Jesus as One Among Many
Members of the Jesus Seminar and its critics have sought to emphasize Jesus’s “naturalism” by placing his pronouncements and deeds in historical context—by showing that rabbis and other Jewish figures were purported to have performed miracles as well. If other religious leaders of the time were perceived as having supernatural powers—powers no one now believes in or takes seriously—then it stands to reason Jesus’s powers should be treated similarly: as myth.
However, the parallels between Jesus and other “wonder workers” of the time don’t go very far. Boyd notes three ways in which Jesus is unique:
- No other religious leader was so closely associated with the supernatural.
- No other religious leader performed miracles of Jesus’s caliber (whereas rabbis were known to bring rain by praying for it, no rabbi was known to have cured permanent illnesses or raised the dead).
- No other religious leader performed miracles on his own authority (whereas rabbis would pray for God to perform a certain miracle, Jesus assumed that authority himself as God himself).
Arguably the most controversial of the Jesus Seminar’s pronouncements was that the Gospel of Thomas, a long marginalized text, should be included in the New Testament canon. The Gospel of Thomas features passages that the Jesus Seminar argues (1) predate the accounts of Jesus found in the canonical gospels and (2) depict a naturalistic Jesus.
Scholars associated with the Jesus Seminar have also raised questions about other “secret gospels” that have been discovered, including “Secret Mark” and the “Cross Gospel.” Some Jesus Seminar members have speculated that these secret gospels feature revelations about Jesus that expose him as exclusively mortal.
To most serious scholars of the New Testament, however, these so-called “secret gospels” are simply a distraction. In fact, most aren’t even discoveries: theologians have long known about the Gospel of Thomas—and have dismissed it because it so clearly contravenes the Jesus of the canonical four gospels (see Chapter 3).
“Secret Mark,” according to its proponents, is a longer and more reliable version of the gospel of Mark, one that was suppressed by the early Church. The problem with this assertion is that no copy of “Secret Mark” exists, and there’s only the thinnest evidence it ever did exist. Everything we know about “Secret Mark” is contained in a quote from it included in a letter by a second-century author. (And, curiously enough, there’s no existing copy of the letter, either—only a picture taken of it by the mid-twentieth-century scholar who found it.)

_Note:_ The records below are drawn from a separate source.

(* Let $D$ be a nonempty closed subset of $\mathbb R$ with $D\subseteq(0,1)$. Let $c:[0,1]\to[0,\infty]$ be grounded and lower semicontinuous with $c(1)=\infty$, and let $\succsim$ be the binary relation on $l_\infty$ represented by $I(x)=\min_{\delta\in[0,1)}\{(1-\delta)\sum_{t\ge0}\delta^tx_t+c(\delta)\}$ (i.e. $x\succsim y\iff I(x)\ge I(y)$). Then the following are equivalent: (i) $\succsim$ satisfies Unanimity: for all $x,y\in l_\infty$, if $(1-\delta)\sum_t\delta^tx_t\ge(1-\delta)\sum_t\delta^ty_t$ for all $\delta\in D$, then $x\succsim y$; (ii) $c(\delta)=\infty$ for every $\delta\in[0,1]\setminus D$. Consequently, under (i), $I(x)=\min_{\delta\in D}\{(1-\delta)\sum_{t\ge0}\delta^tx_t+c(\delta)\}$.
   Context: $l_\infty$: real bounded sequences $x=(x_0,x_1,\dots)$. A function is grounded if its infimum is $0$. Convention $0^0=1$. *)

theory Defs
  imports "HOL-Analysis.Analysis"
begin

text \<open>Discounted utility (1 - d) * sum_t d^t x_t  (with 0^0 = 1, as in Isabelle).\<close>
definition disc_util :: "real \<Rightarrow> (nat \<Rightarrow> real) \<Rightarrow> real" where
  "disc_util d x = (1 - d) * (\<Sum>t. d ^ t * x t)"

definition obj_val :: "(real \<Rightarrow> ereal) \<Rightarrow> (nat \<Rightarrow> real) \<Rightarrow> real \<Rightarrow> ereal" where
  "obj_val c x d = ereal (disc_util d x) + c d"

text \<open>The representing functional I(x) = min over d in [0,1) (written as infimum).\<close>
definition I_fun :: "(real \<Rightarrow> ereal) \<Rightarrow> (nat \<Rightarrow> real) \<Rightarrow> ereal" where
  "I_fun c x = (INF d\<in>{0..<1}. obj_val c x d)"

definition pref :: "(real \<Rightarrow> ereal) \<Rightarrow> (nat \<Rightarrow> real) \<Rightarrow> (nat \<Rightarrow> real) \<Rightarrow> bool" where
  "pref c x y \<longleftrightarrow> I_fun c x \<ge> I_fun c y"

definition grounded_on :: "real set \<Rightarrow> (real \<Rightarrow> ereal) \<Rightarrow> bool" where
  "grounded_on S c \<longleftrightarrow> (INF d\<in>S. c d) = 0"

definition lsc_on :: "real set \<Rightarrow> (real \<Rightarrow> ereal) \<Rightarrow> bool" where
  "lsc_on S c \<longleftrightarrow> (\<forall>a::ereal. closedin (top_of_set S) {d\<in>S. c d \<le> a})"

definition unanimity :: "real set \<Rightarrow> ((nat \<Rightarrow> real) \<Rightarrow> (nat \<Rightarrow> real) \<Rightarrow> bool) \<Rightarrow> bool" where
  "unanimity D R \<longleftrightarrow> (\<forall>x y. Bseq x \<longrightarrow> Bseq y \<longrightarrow>
      (\<forall>d\<in>D. disc_util d x \<ge> disc_util d y) \<longrightarrow> R x y)"

end

theory Submission
  imports Defs
begin

text \<open>
  If \<open>c\<close> is finite at some \<open>d\<^sub>0 \<notin> D\<close>, choose a ball of radius \<open>e\<close> around \<open>d\<^sub>0\<close> missing \<open>D\<close> and
  the stream \<open>z = M (d\<^sub>0\<^sup>2 - e\<^sup>2, -2 d\<^sub>0, 1, 0, 0, \<dots>)\<close>, whose discounted value at \<open>d\<close> is
  \<open>(1 - d) M ((d - d\<^sub>0)\<^sup>2 - e\<^sup>2)\<close>: it is nonnegative on \<open>D\<close> but, for large \<open>M\<close>, so negative at
  \<open>d\<^sub>0\<close> that \<open>I(z) < 0 \<le> I(0)\<close>, contradicting unanimity between \<open>z\<close> and \<open>0\<close>. Conversely, if \<open>c\<close>
  is infinite off \<open>D\<close>, the minimum defining \<open>I\<close> only runs over \<open>D\<close>, where pointwise dominance
  passes to the minimum. The minimum over \<open>D\<close> is attained because the objective is the sum of a
  continuous and a lower semicontinuous function on the compact set \<open>D\<close>.
\<close>

lemma ereal_add_le_iff_le_diff: "ereal a + b \<le> ereal r \<longleftrightarrow> b \<le> ereal (r - a)"
  by (cases b) auto

lemma closed_sublevel_add_continuous:
  fixes g :: "'a::first_countable_topology \<Rightarrow> real" and c :: "'a \<Rightarrow> ereal"
  assumes "closed K" "continuous_on K g" and sublevel: "\<And>a. closed {d\<in>K. c d \<le> a}"
  shows "closed {d\<in>K. ereal (g d) + c d \<le> a}"
proof (cases a)
  case (real r)
  show ?thesis unfolding closed_sequential_limits
  proof (intro allI impI, elim conjE)
    fix s l assume s: "\<forall>n. s n \<in> {d\<in>K. ereal (g d) + c d \<le> a}" and "s \<longlonglongrightarrow> l"
    then have "l \<in> K" using \<open>closed K\<close> by (auto intro: closed_sequentially)
    have g_lim: "(\<lambda>n. g (s n)) \<longlonglongrightarrow> g l"
      using continuous_on_tendsto_compose[OF \<open>continuous_on K g\<close> \<open>s \<longlonglongrightarrow> l\<close> \<open>l \<in> K\<close>] s by auto
    have "c l \<le> ereal (r - g l) + ereal e" if "e > 0" for e
    proof -
      have "eventually (\<lambda>n. g l - e < g (s n)) sequentially"
        using order_tendstoD(1)[OF g_lim] \<open>e > 0\<close> by simp
      then have "eventually (\<lambda>n. s n \<in> {d\<in>K. c d \<le> ereal (r - g l + e)}) sequentially"
      proof eventually_elim
        case (elim n)
        then show ?case using s real by (auto simp: ereal_add_le_iff_le_diff intro: order.trans)
      qed
      then have "l \<in> {d\<in>K. c d \<le> ereal (r - g l + e)}"
        using \<open>s \<longlonglongrightarrow> l\<close> sublevel by (intro Lim_in_closed_set) auto
      then show ?thesis by simp
    qed
    then have "c l \<le> ereal (r - g l)" by (rule ereal_le_epsilon2)
    then show "l \<in> {d\<in>K. ereal (g d) + c d \<le> a}"
      using \<open>l \<in> K\<close> real by (simp add: ereal_add_le_iff_le_diff)
  qed
next
  case PInf
  then show ?thesis using \<open>closed K\<close> by simp
next
  case MInf
  then have "{d\<in>K. ereal (g d) + c d \<le> a} = {d\<in>K. c d \<le> -\<infinity>}" by auto
  then show ?thesis using sublevel by metis
qed

lemma compact_closed_sublevel_attains_INF:
  fixes f :: "'a::topological_space \<Rightarrow> 'b::{complete_linorder, dense_linorder}"
  assumes "compact K" "K \<noteq> {}" and sublevel: "\<And>a. closed {d\<in>K. f d \<le> a}"
  obtains d where "d \<in> K" "\<And>d'. d' \<in> K \<Longrightarrow> f d \<le> f d'"
proof -
  let ?m = "INF d\<in>K. f d"
  have "K \<inter> (\<Inter>a\<in>{a. ?m < a}. {d\<in>K. f d \<le> a}) \<noteq> {}"
  proof (rule compact_imp_fip_image[OF \<open>compact K\<close> sublevel])
    fix A assume "finite A" "A \<subseteq> {a. ?m < a}"
    show "K \<inter> (\<Inter>a\<in>A. {d\<in>K. f d \<le> a}) \<noteq> {}"
    proof (cases "A = {}")
      case False
      with \<open>finite A\<close> \<open>A \<subseteq> _\<close> have "?m < Min A" by auto
      then obtain d where "d \<in> K" "f d < Min A" by (auto simp: INF_less_iff)
      with \<open>finite A\<close> have "d \<in> K \<inter> (\<Inter>a\<in>A. {d\<in>K. f d \<le> a})"
        by (auto intro: less_imp_le order.strict_trans2[OF _ Min_le])
      then show ?thesis by blast
    qed (use \<open>K \<noteq> {}\<close> in auto)
  qed
  then obtain d where d: "d \<in> K" "\<And>a. ?m < a \<Longrightarrow> f d \<le> a" by blast
  have "f d \<le> ?m" by (rule dense_ge) (rule d(2))
  then show thesis using that d(1) by (meson INF_lower order.trans)
qed

lemma isCont_disc_util:
  assumes "Bseq x" "\<bar>d\<bar> < 1"
  shows "isCont (\<lambda>d. disc_util d x) d"
proof -
  obtain B where B: "B > 0" "\<And>n. norm (x n) \<le> B" using assms(1) by (meson BseqE)
  define K where "K = (1 + \<bar>d\<bar>) / 2"
  have K: "0 \<le> K" "K < 1" "\<bar>d\<bar> < K" using assms(2) by (auto simp: K_def)
  have "summable (\<lambda>n. B * K ^ n)" using K by (auto intro!: summable_mult summable_geometric)
  then have "summable (\<lambda>n. x n * K ^ n)"
    by (rule summable_comparison_test'[where N=0])
      (use B K in \<open>auto simp: abs_mult intro!: mult_right_mono\<close>)
  then have "isCont (\<lambda>d. \<Sum>n. x n * d ^ n) d" by (rule isCont_powser) (use K in auto)
  then have "isCont (\<lambda>d. (1 - d) * (\<Sum>n. x n * d ^ n)) d" by (intro continuous_intros)
  then show ?thesis unfolding disc_util_def by (simp add: mult.commute)
qed

lemma disc_util_finite_support:
  assumes "\<And>t. t \<ge> n \<Longrightarrow> x t = 0"
  shows "disc_util d x = (1 - d) * (\<Sum>t<n. d ^ t * x t)"
  unfolding disc_util_def using assms by (subst suminf_finite[of "{..<n}"]) auto

lemma exists_disc_util_separating:
  fixes D :: "real set"
  assumes "closed D" "D \<subseteq> {..1}" "d0 < 1" "d0 \<notin> D" "K \<ge> 0"
  obtains z where "Bseq z" "\<And>d. d \<in> D \<Longrightarrow> 0 \<le> disc_util d z" "disc_util d0 z = - K"
proof -
  obtain e where e: "e > 0" "ball d0 e \<subseteq> - D"
    using assms(1,4) open_contains_ball by (metis ComplI open_Compl)
  define M where "M = K / ((1 - d0) * e\<^sup>2)"
  have "M \<ge> 0" using e assms(3,5) by (simp add: M_def)
  define z where "z t = (if t = 0 then M * (d0\<^sup>2 - e\<^sup>2) else if t = 1 then - 2 * M * d0
    else if t = 2 then M else 0)" for t :: nat
  have z_util: "disc_util d z = (1 - d) * M * ((d - d0)\<^sup>2 - e\<^sup>2)" for d
    by (subst disc_util_finite_support[of 3])
      (auto simp: z_def numeral_3_eq_3 power2_eq_square algebra_simps)
  have "Bseq z"
    by (rule BseqI'[of _ "\<bar>z 0\<bar> + \<bar>z 1\<bar> + \<bar>z 2\<bar>"]) (auto simp: z_def)
  moreover have "0 \<le> disc_util d z" if "d \<in> D" for d
  proof -
    have "d \<notin> ball d0 e" using e(2) that by auto
    then have "e \<le> \<bar>d - d0\<bar>" by (simp add: dist_real_def abs_minus_commute)
    then have "e\<^sup>2 \<le> (d - d0)\<^sup>2" using e(1) by (metis abs_le_square_iff abs_of_pos)
    then show ?thesis using that assms(2) \<open>M \<ge> 0\<close> by (auto simp: z_util)
  qed
  moreover have "disc_util d0 z = - K"
    using e(1) assms(3) by (simp add: z_util M_def)
  ultimately show thesis by (rule that)
qed

lemma unanimity_if_cost_infinite_outside:
  assumes "\<forall>d\<in>{0..1} - D. c d = \<infinity>"
  shows "unanimity D (pref c)"
  unfolding unanimity_def pref_def
proof (intro allI impI)
  fix x y :: "nat \<Rightarrow> real"
  assume dominates: "\<forall>d\<in>D. disc_util d y \<le> disc_util d x"
  show "I_fun c y \<le> I_fun c x"
    unfolding I_fun_def
  proof (rule INF_greatest)
    fix d assume d: "d \<in> {0..<1::real}"
    show "(INF d\<in>{0..<1}. obj_val c y d) \<le> obj_val c x d"
    proof (cases "d \<in> D")
      case True
      have "(INF d\<in>{0..<1}. obj_val c y d) \<le> obj_val c y d" using d by (rule INF_lower)
      also have "\<dots> \<le> obj_val c x d"
        unfolding obj_val_def using dominates True by (intro add_right_mono) auto
      finally show ?thesis .
    next
      case False
      then show ?thesis using assms d by (simp add: obj_val_def)
    qed
  qed
qed

lemma cost_infinite_outside_if_unanimity:
  assumes "unanimity D (pref c)" "closed D" "D \<subseteq> {0<..<1}"
    and "\<forall>d\<in>{0..1}. c d \<ge> 0" "c 1 = \<infinity>"
  shows "\<forall>d\<in>{0..1} - D. c d = \<infinity>"
proof (rule ccontr)
  assume "\<not> ?thesis"
  then obtain d0 where d0: "d0 \<in> {0..1}" "d0 \<notin> D" "c d0 \<noteq> \<infinity>" by auto
  with assms(5) have "d0 < 1" by (cases "d0 = 1") auto
  have "c d0 \<ge> 0" using d0(1) assms(4) by blast
  with d0(3) obtain K where K: "c d0 = ereal K" "K \<ge> 0" by (cases "c d0") auto
  obtain z where z: "Bseq z" "\<And>d. d \<in> D \<Longrightarrow> 0 \<le> disc_util d z" "disc_util d0 z = - (K + 1)"
    by (rule exists_disc_util_separating[of D d0 "K + 1"])
      (use assms(2,3) d0(2) \<open>d0 < 1\<close> K(2) in auto)
  have "\<forall>d\<in>D. disc_util d (\<lambda>t. 0) \<le> disc_util d z" using z(2) by (simp add: disc_util_def)
  then have unanimous: "I_fun c (\<lambda>t. 0) \<le> I_fun c z"
    using assms(1) z(1) unfolding unanimity_def pref_def by auto
  have "0 \<le> I_fun c (\<lambda>t. 0)"
    unfolding I_fun_def obj_val_def disc_util_def using assms(4) by (auto intro!: INF_greatest)
  also note unanimous
  also have "I_fun c z \<le> obj_val c z d0"
    unfolding I_fun_def using d0(1) \<open>d0 < 1\<close> by (intro INF_lower) auto
  also have "\<dots> = ereal (- 1)" by (simp add: obj_val_def z(3) K)
  finally show False by simp
qed

lemma I_fun_eq_INF_restrict:
  assumes "D \<subseteq> {0..<1}" "\<forall>d\<in>{0..<1} - D. c d = \<infinity>"
  shows "I_fun c x = (INF d\<in>D. obj_val c x d)"
proof -
  have "{0..<1} = D \<union> ({0..<1} - D)" using assms(1) by blast
  then have "I_fun c x = inf (INF d\<in>D. obj_val c x d) (INF d\<in>{0..<1} - D. obj_val c x d)"
    unfolding I_fun_def by (metis INF_union)
  moreover have "(INF d\<in>{0..<1} - D. obj_val c x d) = \<infinity>"
    using assms(2)
    by (simp add: obj_val_def INF_top_conv(1)[where 'a=ereal, unfolded top_ereal_def])
  ultimately show ?thesis by simp
qed

lemma obj_val_attains_min:
  assumes "compact D" "D \<noteq> {}" "D \<subseteq> {0<..<1}" "lsc_on {0..1} c" "Bseq x"
  obtains d where "d \<in> D" "\<And>d'. d' \<in> D \<Longrightarrow> obj_val c x d \<le> obj_val c x d'"
proof (rule compact_closed_sublevel_attains_INF[OF assms(1,2)])
  fix a
  have "closed {d\<in>D. c d \<le> b}" for b
  proof -
    have "closed {d\<in>{0..1}. c d \<le> b}"
      using assms(4) unfolding lsc_on_def by (simp add: closedin_closed_eq)
    moreover have "{d\<in>D. c d \<le> b} = D \<inter> {d\<in>{0..1}. c d \<le> b}"
      using assms(3) by auto
    ultimately show ?thesis using compact_imp_closed[OF assms(1)] by (metis closed_Int)
  qed
  moreover have "continuous_on D (\<lambda>d. disc_util d x)"
    using assms(3) by (intro continuous_at_imp_continuous_on ballI isCont_disc_util[OF assms(5)]) auto
  ultimately show "closed {d\<in>D. obj_val c x d \<le> a}"
    unfolding obj_val_def using compact_imp_closed[OF assms(1)] closed_sublevel_add_continuous
    by blast
qed (rule that)

theorem proposition4:
  fixes D :: "real set" and c :: "real \<Rightarrow> ereal"
  assumes "D \<noteq> {}" and "closed D" and "D \<subseteq> {0<..<1}"
    and "\<forall>d\<in>{0..1}. c d \<ge> 0"
    and "grounded_on {0..1} c"
    and "lsc_on {0..1} c"
    and "c 1 = \<infinity>"
  shows "(unanimity D (pref c) \<longleftrightarrow> (\<forall>d\<in>{0..1} - D. c d = \<infinity>))
    \<and> (unanimity D (pref c) \<longrightarrow>
         (\<forall>x. Bseq x \<longrightarrow>
            (\<exists>d\<in>D. I_fun c x = obj_val c x d \<and> (\<forall>d'\<in>D. obj_val c x d \<le> obj_val c x d'))))"
proof -
  have "compact D"
  proof -
    have "D = D \<inter> {0..1}" using assms(3) by auto
    then show ?thesis using closed_Int_compact[OF assms(2) compact_Icc] by metis
  qed
  have "unanimity D (pref c) \<longleftrightarrow> (\<forall>d\<in>{0..1} - D. c d = \<infinity>)"
    using unanimity_if_cost_infinite_outside cost_infinite_outside_if_unanimity assms(2,3,4,7)
    by blast
  moreover have "\<exists>d\<in>D. I_fun c x = obj_val c x d \<and> (\<forall>d'\<in>D. obj_val c x d \<le> obj_val c x d')"
    if infinite_outside: "\<forall>d\<in>{0..1} - D. c d = \<infinity>" and "Bseq x" for x
  proof -
    obtain d where d: "d \<in> D" "\<And>d'. d' \<in> D \<Longrightarrow> obj_val c x d \<le> obj_val c x d'"
      using obj_val_attains_min[OF \<open>compact D\<close> assms(1,3,6) \<open>Bseq x\<close>] by blast
    have "I_fun c x = (INF d\<in>D. obj_val c x d)"
      using infinite_outside assms(3) by (intro I_fun_eq_INF_restrict) auto
    also have "\<dots> = obj_val c x d"
      using d by (intro antisym INF_lower INF_greatest) auto
    finally show ?thesis using d by blast
  qed
  ultimately show ?thesis by blast
qed

end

(Shortform note: Some contemporary commentators believe that the scholar who photographed the letter actually fabricated it.)
Boyd’s Personal Journey
For liberal interpreters of the New Testament, like the scholars comprising the Jesus Seminar, Jesus’s divinity becomes symbolic: The miracles and resurrection are there simply to inspire Christians to hew more closely to Jesus’s teachings.
For Boyd, whose belief is rooted in his years of scholarship and deep faith, this understanding of Jesus is utterly wrongheaded. Jesus’s power to inspire and instruct is indistinguishable from the truth of his supernatural abilities; Paul himself says that if the resurrection didn’t truly happen, then faith is useless. The fact that Paul—and the gospel authors—remain committed to their faith is a token of Jesus’s divinity in fact.
Boyd, too, is committed to Jesus because he is certain of the reality of Jesus’s divinity. He acknowledges that some of the claims about Jesus, the supernatural ones in particular, are perhaps hard for a modern person to believe. But the evidence for those supernatural events—the healing of the sick, the rising from the dead—is incontrovertible. The Jesus Seminar’s distinction between a “Jesus of History” and “Jesus of Faith” simply doesn’t hold up under scrutiny; the Seminar’s central pieces of evidence are thin and/or contradictory, whereas the New Testament, coupled with secular sources like Josephus, paints a remarkably consistent picture of a divine Jesus.
For Boyd, it’s a no-brainer for him to put his trust in the gospels.